And I'm grand really. I'm bearing it all with little complaint and great dignity. I'm going with Brock Bastian on this. He has a new book called The Other Side of Happiness where he suggests that to know happiness, we must embrace pain as much as pleasure. My initial response when I read about the book was to kick myself for not thinking of writing it. And then I moved onto acceptance - acceptance that I won't be reading the book but that the tips from it are enough. "Pain is more of a challenge than a threat" and "Value pain" and "Look for discomfort". I like it.
But I think pain for me can tend to send me slightly to the dark side. I get a bit Rear Window, sitting around brooding. After what I will now refer to as "The Accident", I could feel the pain getting in on me mentally after a few days. So I decided to get on with life, ignore the pain, or at least to just live through it. I started walking. I went to the cold sea for gentle swims, and found it to be the best anti-inflammatory going. In general, it was all fine, as long as I didn't try to bend down, move suddenly, get out of a chair, or go to bed.
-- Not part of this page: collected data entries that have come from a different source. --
lemma alg_stop_alg_index:
  assumes conv: "\<And>i. norm (z - alg_iter \<Psi> A F \<delta> w i) \<le> qalg ^ i * norm (z - w)"
    and "0 \<le> qalg" "qalg < 1" and "0 < lam_lin" "0 < lam_alg" and "\<And>v. 0 \<le> \<eta> v"
  shows "alg_stop \<Psi> A F \<delta> \<eta> lam_lin lam_alg imin w (alg_index \<Psi> A F \<delta> \<eta> lam_lin lam_alg imin w)"
proof -
  let ?x = "alg_iter \<Psi> A F \<delta> w"
  have "?x 0 = w"
    by (simp add: alg_iter_def)
  then have "eventually (\<lambda>j. imin \<le> j \<and> norm (?x j - ?x (Suc j)) \<le> lam_alg * norm (?x (Suc j) - w))
      sequentially"
    using eventually_increment_le_displacement[of z ?x qalg lam_alg] conv assms(2-5)
    by (auto intro: eventually_conj)
  then obtain j where "imin \<le> j" and j: "norm (?x j - ?x (Suc j)) \<le> lam_alg * norm (?x (Suc j) - w)"
    by (auto simp: eventually_sequentially)
  moreover have "lam_alg * norm (?x (Suc j) - w)
      \<le> lam_alg * (lam_lin * \<eta> (?x (Suc j)) + norm (?x (Suc j) - w))"
    using assms(4-6) by (intro mult_left_mono) auto
  ultimately have "alg_stop \<Psi> A F \<delta> \<eta> lam_lin lam_alg imin w (Suc j)"
    unfolding alg_stop_def by auto
  then show ?thesis
    unfolding alg_index_def by (rule LeastI)
qed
What I did not do was start comfort eating. I had a beer over the weekend, a Mexican dish and some pasta, and the odd dark chocolate Bounty, but I stuck with two meals a day, and I got back on track on Monday.
If I can lose two pounds on a bad week, feeling dark and with little movement, I can definitely do it again this week. One tip if you're following this so-called diet. You'll get tired of pears. I've moved onto kiwis for now. And also let's start drinking more water. Okay. Be good and let's check in again next week.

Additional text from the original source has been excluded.